Stored data entries:
********************

(* Let $k\ge1$ and let $p=(p_1,\dots,p_n)$ be a parking function. Then the permutation $\pi(p)$ avoids the pattern $(k+1)k\cdots1$ if and only if the word $p_1\cdots p_n$ avoids $(k+1)k\cdots 1$ as a word, i.e. there are no indices $i_1<\dots<i_{k+1}$ with $p_{i_1}>p_{i_2}>\dots>p_{i_{k+1}}$.
   Context: $[n]=\{1,\dots,n\}$. A tuple $p\in[n]^n$ is a parking function if its weakly increasing rearrangement $(p'_1,\dots,p'_n)$ satisfies $p'_i\le i$ for all $i$. $\pi(p)$ is the permutation obtained by listing, for $s=1,\dots,n$ in turn, the indices $j$ with $p_j=s$ in increasing order, and concatenating. A permutation avoids $\sigma\in\mathfrak S_m$ if none of its length-$m$ subsequences is order-isomorphic to $\sigma$. *)

theory Defs
  imports Main "HOL-Library.Sublist"
begin

text \<open>A tuple p in [n]^n is represented as a list of length n; p_i is p ! (i - 1).\<close>

definition parking_function :: "nat list \<Rightarrow> bool" where
  "parking_function p \<longleftrightarrow>
     (\<forall>x \<in> set p. 1 \<le> x \<and> x \<le> length p) \<and>
     (\<forall>i < length p. sort p ! i \<le> i + 1)"

definition perm_of_pf :: "nat list \<Rightarrow> nat list" where
  "perm_of_pf p = concat (map (\<lambda>s. filter (\<lambda>j. p ! (j - 1) = s) [1..<length p + 1])
                              [1..<length p + 1])"

definition order_iso :: "nat list \<Rightarrow> nat list \<Rightarrow> bool" where
  "order_iso xs ys \<longleftrightarrow> length xs = length ys \<and>
     (\<forall>i < length xs. \<forall>j < length xs. (xs ! i < xs ! j \<longleftrightarrow> ys ! i < ys ! j))"

definition avoids :: "nat list \<Rightarrow> nat list \<Rightarrow> bool" where
  "avoids w \<sigma> \<longleftrightarrow> \<not> (\<exists>ys. subseq ys w \<and> length ys = length \<sigma> \<and> order_iso ys \<sigma>)"

definition dec_pattern :: "nat \<Rightarrow> nat list" where
  "dec_pattern k = rev [1..<k + 2]"

end

(* pi(p) lists the positions j sorted by the lexicographic key (p_j, j), so the sublists of
   pi(p) are exactly the sets of positions listed in increasing key order. Such a sublist is
   decreasing in the positions iff p strictly increases along it; read backwards, it is a
   sequence of positions i_1 < ... < i_(k+1) with p_(i_1) > ... > p_(i_(k+1)). The parking
   condition only serves to make every position 1..n occur in pi(p). *)

theory Submission
  imports Defs "HOL-Library.Product_Lexorder"
begin

lemma sorted_wrt_subseq:
  "subseq xs ys \<Longrightarrow> sorted_wrt R ys \<Longrightarrow> sorted_wrt R xs"
  by (induction rule: list_emb.induct) (auto dest: list_emb_set)

lemma sorted_wrt_subset_imp_subseq:
  assumes "set xs \<subseteq> set ys" "sorted_wrt R xs" "sorted_wrt R ys" "asymp R"
  shows "subseq xs ys"
  using assms(1-3)
proof (induction xs arbitrary: ys)
  case Nil
  then show ?case by simp
next
  case (Cons x xs)
  then obtain us vs where ys: "ys = us @ x # vs"
    by (meson list.set_intros(1) split_list subsetD)
  have "set xs \<subseteq> set vs"
  proof
    fix z assume "z \<in> set xs"
    with Cons.prems have "R x z" "z \<in> set ys" by auto
    then have "\<not> R z x" "z \<noteq> x" using assms(4) by (auto dest: asympD)
    with \<open>z \<in> set ys\<close> show "z \<in> set vs"
      using Cons.prems(3) ys by (auto simp: sorted_wrt_append)
  qed
  with Cons have "subseq xs vs" using ys by (simp add: sorted_wrt_append)
  then show ?case using ys by (simp add: list_emb_append2)
qed

lemma subseq_iff_sorted_wrt:
  assumes "sorted_wrt R ys" "asymp R"
  shows "subseq xs ys \<longleftrightarrow> set xs \<subseteq> set ys \<and> sorted_wrt R xs"
  using assms sorted_wrt_subseq sorted_wrt_subset_imp_subseq
  by (auto dest: list_emb_set)

lemma sorted_wrt_greater_nth_less_iff:
  fixes xs :: "'a::linorder list"
  assumes "sorted_wrt (>) xs" "i < length xs" "j < length xs"
  shows "xs ! i < xs ! j \<longleftrightarrow> j < i"
  using assms unfolding sorted_wrt_iff_nth_less
  by (metis less_asym linorder_neqE_nat)

lemma order_iso_sorted_wrt_greater_iff:
  assumes "sorted_wrt (>) ys"
  shows "order_iso xs ys \<longleftrightarrow> length xs = length ys \<and> sorted_wrt (>) xs"
proof
  assume "order_iso xs ys"
  then show "length xs = length ys \<and> sorted_wrt (>) xs"
    using assms unfolding order_iso_def sorted_wrt_iff_nth_less by auto
next
  assume "length xs = length ys \<and> sorted_wrt (>) xs"
  then show "order_iso xs ys"
    using assms sorted_wrt_greater_nth_less_iff unfolding order_iso_def by metis
qed

lemma length_dec_pattern: "length (dec_pattern k) = Suc k"
  by (simp add: dec_pattern_def)

lemma sorted_wrt_greater_dec_pattern: "sorted_wrt (>) (dec_pattern k)"
  by (simp add: dec_pattern_def sorted_wrt_rev del: upt_Suc)

lemma avoids_dec_pattern_iff:
  "avoids w (dec_pattern k) \<longleftrightarrow>
     \<not> (\<exists>ys. length ys = Suc k \<and> subseq ys w \<and> sorted_wrt (>) ys)"
  unfolding avoids_def length_dec_pattern
    order_iso_sorted_wrt_greater_iff[OF sorted_wrt_greater_dec_pattern]
  by auto

lemma sorted_wrt_concat_map_filter:
  fixes f :: "'a::linorder \<Rightarrow> 'b::linorder"
  assumes "sorted_wrt (<) ss" "sorted_wrt (<) xs"
  shows "sorted_wrt (\<lambda>x y. (f x, x) < (f y, y))
           (concat (map (\<lambda>s. filter (\<lambda>x. f x = s) xs) ss))"
  using assms(1)
proof (induction ss)
  case Nil
  then show ?case by simp
next
  case (Cons s ss)
  have "sorted_wrt (\<lambda>x y. (f x, x) < (f y, y)) (filter (\<lambda>x. f x = s) xs)"
    using sorted_wrt_filter[OF assms(2)] by (rule sorted_wrt_mono_rel[rotated]) auto
  with Cons show ?case by (auto simp: sorted_wrt_append)
qed

lemma sorted_wrt_perm_of_pf:
  "sorted_wrt (\<lambda>x y. (p ! (x - 1), x) < (p ! (y - 1), y)) (perm_of_pf p)"
  unfolding perm_of_pf_def
  by (rule sorted_wrt_concat_map_filter) (simp_all only: sorted_wrt_upt)

lemma set_perm_of_pf:
  assumes "parking_function p"
  shows "set (perm_of_pf p) = {1..length p}"
proof -
  have "p ! (j - 1) \<in> {1..length p}" if "j \<in> {1..length p}" for j
    using assms that unfolding parking_function_def by auto
  then show ?thesis unfolding perm_of_pf_def by (fastforce simp del: upt_Suc)
qed

lemma decreasing_subseq_perm_of_pf_iff:
  assumes "parking_function p"
  shows "subseq ys (perm_of_pf p) \<and> sorted_wrt (>) ys \<longleftrightarrow>
    set ys \<subseteq> {1..length p} \<and> sorted_wrt (\<lambda>a b. b < a \<and> p ! (a - 1) < p ! (b - 1)) ys"
proof -
  let ?key_less = "\<lambda>x y. (p ! (x - 1), x) < (p ! (y - 1), y)"
  have "asymp ?key_less"
    by (rule asympI) auto
  then have "subseq ys (perm_of_pf p) \<longleftrightarrow> set ys \<subseteq> {1..length p} \<and> sorted_wrt ?key_less ys"
    using subseq_iff_sorted_wrt[OF sorted_wrt_perm_of_pf] set_perm_of_pf[OF assms] by simp
  moreover have "sorted_wrt ?key_less ys \<and> sorted_wrt (>) ys \<longleftrightarrow>
      sorted_wrt (\<lambda>a b. b < a \<and> p ! (a - 1) < p ! (b - 1)) ys"
    by (induction ys) fastforce+
  ultimately show ?thesis
    by blast
qed

lemma sorted_wrt_map_upt_Suc_iff:
  assumes "transp R"
  shows "sorted_wrt R (map f [0..<Suc k]) \<longleftrightarrow> (\<forall>j<k. R (f j) (f (Suc j)))"
  by (auto simp: sorted_wrt_iff_nth_Suc_transp[OF assms] nth_append simp del: upt_Suc)

lemma ex_chain_iff_ex_sorted_wrt:
  fixes R :: "'a::linorder \<Rightarrow> 'a \<Rightarrow> bool"
  assumes "transp R" and R_less: "\<And>a b. R a b \<Longrightarrow> a < b"
  shows "(\<exists>i. lo \<le> i 0 \<and> i k \<le> hi \<and> (\<forall>j<k. R (i j) (i (Suc j)))) \<longleftrightarrow>
    (\<exists>xs. length xs = Suc k \<and> set xs \<subseteq> {lo..hi} \<and> sorted_wrt R xs)"
proof
  assume "\<exists>i. lo \<le> i 0 \<and> i k \<le> hi \<and> (\<forall>j<k. R (i j) (i (Suc j)))"
  then obtain i where bounds: "lo \<le> i 0" "i k \<le> hi" and "\<forall>j<k. R (i j) (i (Suc j))"
    by blast
  then have chain: "sorted_wrt R (map i [0..<Suc k])"
    using sorted_wrt_map_upt_Suc_iff[OF assms(1)] by blast
  then have "sorted (map i [0..<Suc k])"
    using R_less by (auto intro: strict_sorted_imp_sorted sorted_wrt_mono_rel)
  then have "i 0 \<le> i j \<and> i j \<le> i k" if "j < Suc k" for j
    using that sorted_nth_mono[of "map i [0..<Suc k]" 0 j] sorted_nth_mono[of "map i [0..<Suc k]" j k]
    by (simp add: nth_append del: upt_Suc)
  then have "set (map i [0..<Suc k]) \<subseteq> {lo..hi}"
    using bounds by (fastforce simp del: upt_Suc intro: order_trans)
  with chain show "\<exists>xs. length xs = Suc k \<and> set xs \<subseteq> {lo..hi} \<and> sorted_wrt R xs"
    by (metis diff_zero length_map length_upt)
next
  assume "\<exists>xs. length xs = Suc k \<and> set xs \<subseteq> {lo..hi} \<and> sorted_wrt R xs"
  then obtain xs where xs: "length xs = Suc k" "set xs \<subseteq> {lo..hi}" "sorted_wrt R xs"
    by blast
  then have "map ((!) xs) [0..<Suc k] = xs"
    by (metis map_nth)
  with xs have "\<forall>j<k. R (xs ! j) (xs ! Suc j)"
    using sorted_wrt_map_upt_Suc_iff[OF assms(1), of "(!) xs" k] by simp
  moreover have "xs ! 0 \<in> {lo..hi}" "xs ! k \<in> {lo..hi}"
    using subsetD[OF xs(2) nth_mem] xs(1) by simp_all
  ultimately show "\<exists>i. lo \<le> i 0 \<and> i k \<le> hi \<and> (\<forall>j<k. R (i j) (i (Suc j)))"
    by (intro exI[of _ "(!) xs"]) simp
qed

theorem corollary2p10:
  fixes k :: nat and p :: "nat list"
  assumes "k \<ge> 1" and "parking_function p"
  shows "avoids (perm_of_pf p) (dec_pattern k) \<longleftrightarrow>
    \<not> (\<exists>i :: nat \<Rightarrow> nat.
          1 \<le> i 0 \<and> i k \<le> length p \<and>
          (\<forall>j < k. i j < i (Suc j) \<and> p ! (i j - 1) > p ! (i (Suc j) - 1)))"
proof -
  let ?R = "\<lambda>a b. a < b \<and> p ! (b - 1) < p ! (a - 1)"
  have ex_rev_iff: "(\<exists>ys. P ys) \<longleftrightarrow> (\<exists>xs. P (rev xs))" for P :: "nat list \<Rightarrow> bool"
    by (metis rev_rev_ident)
  have "avoids (perm_of_pf p) (dec_pattern k) \<longleftrightarrow>
      \<not> (\<exists>ys. length ys = Suc k \<and> subseq ys (perm_of_pf p) \<and> sorted_wrt (>) ys)"
    by (rule avoids_dec_pattern_iff)
  also have "\<dots> \<longleftrightarrow>
      \<not> (\<exists>ys. length ys = Suc k \<and> set ys \<subseteq> {1..length p} \<and> sorted_wrt (\<lambda>a b. ?R b a) ys)"
    by (simp only: decreasing_subseq_perm_of_pf_iff[OF assms(2)])
  also have "\<dots> \<longleftrightarrow>
      \<not> (\<exists>xs. length xs = Suc k \<and> set xs \<subseteq> {1..length p} \<and> sorted_wrt ?R xs)"
    by (subst ex_rev_iff) (simp only: length_rev set_rev sorted_wrt_rev)
  also have "\<dots> \<longleftrightarrow>
      \<not> (\<exists>i. 1 \<le> i 0 \<and> i k \<le> length p \<and> (\<forall>j<k. ?R (i j) (i (Suc j))))"
    by (subst ex_chain_iff_ex_sorted_wrt) (auto simp: transp_def)
  finally show ?thesis .
qed

end
lemma Mfun_set_nonempty:
  assumes x: "x \<in> C"
  shows "{c. c > 0 \<and> c *\<^sub>R x - p \<in> closure C} \<noteq> {}"
proof -
  obtain r where r: "r > 0" "ball x r \<subseteq> C" using x C_open open_contains_ball by blast
  have "norm p / r + 1 > 0" using r by (simp add: add_nonneg_pos)
  with large_multiple_minus_mem[OF x r, of p "norm p / r + 1"] closure_subset show ?thesis by auto
qed

lemma Mfun_nonneg: "x \<in> C \<Longrightarrow> Mfun C p x \<ge> 0"
  unfolding Mfun_eq_Inf by (rule cInf_greatest[OF Mfun_set_nonempty]) auto

lemma Mfun_le: "c > 0 \<Longrightarrow> c *\<^sub>R x - p \<in> closure C \<Longrightarrow> Mfun C p x \<le> c"
  unfolding Mfun_eq_Inf by (rule cInf_lower[OF _ Mfun_bdd_below]) auto

lemma Mfun_less_imp_mem:
  assumes x: "x \<in> C" and c: "Mfun C p x < c"
  shows "c *\<^sub>R x - p \<in> closure C"
proof -
  obtain s where s: "s > 0" "s *\<^sub>R x - p \<in> closure C" "s < c"
    using c cInf_less_iff[OF Mfun_set_nonempty[OF x] Mfun_bdd_below] unfolding Mfun_eq_Inf by auto
  have "(c - s) *\<^sub>R x \<in> closure C"
    using closure_cone_scaleR[of "c - s" x] x closure_subset s(3) by auto
  from closure_cone_add[OF s(2) this] show ?thesis by (simp add: algebra_simps)
qed

lemma Mfun_le_norm_div:
  assumes x: "x \<in> C" and r: "r > 0" "ball x r \<subseteq> C"
  shows "Mfun C p x \<le> norm p / r"
proof (rule dense_ge)
  fix c assume c: "norm p / r < c"
  then have "c > 0" using r by (smt (verit) divide_nonneg_pos norm_ge_zero)
  then show "Mfun C p x \<le> c"
    using Mfun_le large_multiple_minus_mem[OF x r c] closure_subset by blast
qed

lemma Mfun_add_le:
  assumes x: "x \<in> C"
  shows "Mfun C (p + q) x \<le> Mfun C p x + Mfun C q x"
proof (rule dense_ge)
  fix e assume e: "Mfun C p x + Mfun C q x < e"
  define d where "d = (e - Mfun C p x - Mfun C q x) / 2"
  have "d > 0" using e unfolding d_def by simp
  then have "(Mfun C p x + d) *\<^sub>R x - p \<in> closure C" "(Mfun C q x + d) *\<^sub>R x - q \<in> closure C"
    using Mfun_less_imp_mem[OF x] by auto
  then have "((Mfun C p x + d) *\<^sub>R x - p) + ((Mfun C q x + d) *\<^sub>R x - q) \<in> closure C"
    by (rule closure_cone_add)
  moreover have "(Mfun C p x + d) + (Mfun C q x + d) = e" unfolding d_def by simp
  ultimately have "e *\<^sub>R x - (p + q) \<in> closure C"
    by (metis (no_types, lifting) add_diff_add scaleR_add_left)
  moreover have "e > 0" using e Mfun_nonneg[OF x, of p] Mfun_nonneg[OF x, of q] by linarith
  ultimately show "Mfun C (p + q) x \<le> e" using Mfun_le by blast
qed

lemma Mfun_lipschitz:
  assumes x: "x \<in> C" and r: "r > 0" "ball x r \<subseteq> C"
  shows "(1 / r)-lipschitz_on UNIV (\<lambda>p. Mfun C p x)"
proof (rule lipschitz_onI)
  fix p q :: 'a
  have "Mfun C p x \<le> Mfun C q x + Mfun C (p - q) x"
    "Mfun C q x \<le> Mfun C p x + Mfun C (q - p) x"
    using Mfun_add_le[OF x, of q "p - q"] Mfun_add_le[OF x, of p "q - p"] by simp_all
  moreover have "Mfun C (p - q) x \<le> norm (p - q) / r" "Mfun C (q - p) x \<le> norm (p - q) / r"
    using Mfun_le_norm_div[OF x r, of "p - q"] Mfun_le_norm_div[OF x r, of "q - p"]
    by (simp_all add: norm_minus_commute)
  ultimately show "dist (Mfun C p x) (Mfun C q x) \<le> 1 / r * dist p q"
    by (simp add: dist_real_def dist_norm abs_le_iff)
qed (use r in simp)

********************

◆ YOUR OBJECTIVE: Your task for the entries above: copy exactly the span starting with the line with "C p x \<ge>" and going on through the line with "q) x \<le> Mfun", both lines included, and nothing else.

◆ SOLUTION TO THIS TASK:
lemma Mfun_nonneg: "x \<in> C \<Longrightarrow> Mfun C p x \<ge> 0"
  unfolding Mfun_eq_Inf by (rule cInf_greatest[OF Mfun_set_nonempty]) auto

lemma Mfun_le: "c > 0 \<Longrightarrow> c *\<^sub>R x - p \<in> closure C \<Longrightarrow> Mfun C p x \<le> c"
  unfolding Mfun_eq_Inf by (rule cInf_lower[OF _ Mfun_bdd_below]) auto

lemma Mfun_less_imp_mem:
  assumes x: "x \<in> C" and c: "Mfun C p x < c"
  shows "c *\<^sub>R x - p \<in> closure C"
proof -
  obtain s where s: "s > 0" "s *\<^sub>R x - p \<in> closure C" "s < c"
    using c cInf_less_iff[OF Mfun_set_nonempty[OF x] Mfun_bdd_below] unfolding Mfun_eq_Inf by auto
  have "(c - s) *\<^sub>R x \<in> closure C"
    using closure_cone_scaleR[of "c - s" x] x closure_subset s(3) by auto
  from closure_cone_add[OF s(2) this] show ?thesis by (simp add: algebra_simps)
qed

lemma Mfun_le_norm_div:
  assumes x: "x \<in> C" and r: "r > 0" "ball x r \<subseteq> C"
  shows "Mfun C p x \<le> norm p / r"
proof (rule dense_ge)
  fix c assume c: "norm p / r < c"
  then have "c > 0" using r by (smt (verit) divide_nonneg_pos norm_ge_zero)
  then show "Mfun C p x \<le> c"
    using Mfun_le large_multiple_minus_mem[OF x r c] closure_subset by blast
qed

lemma Mfun_add_le:
  assumes x: "x \<in> C"
  shows "Mfun C (p + q) x \<le> Mfun C p x + Mfun C q x"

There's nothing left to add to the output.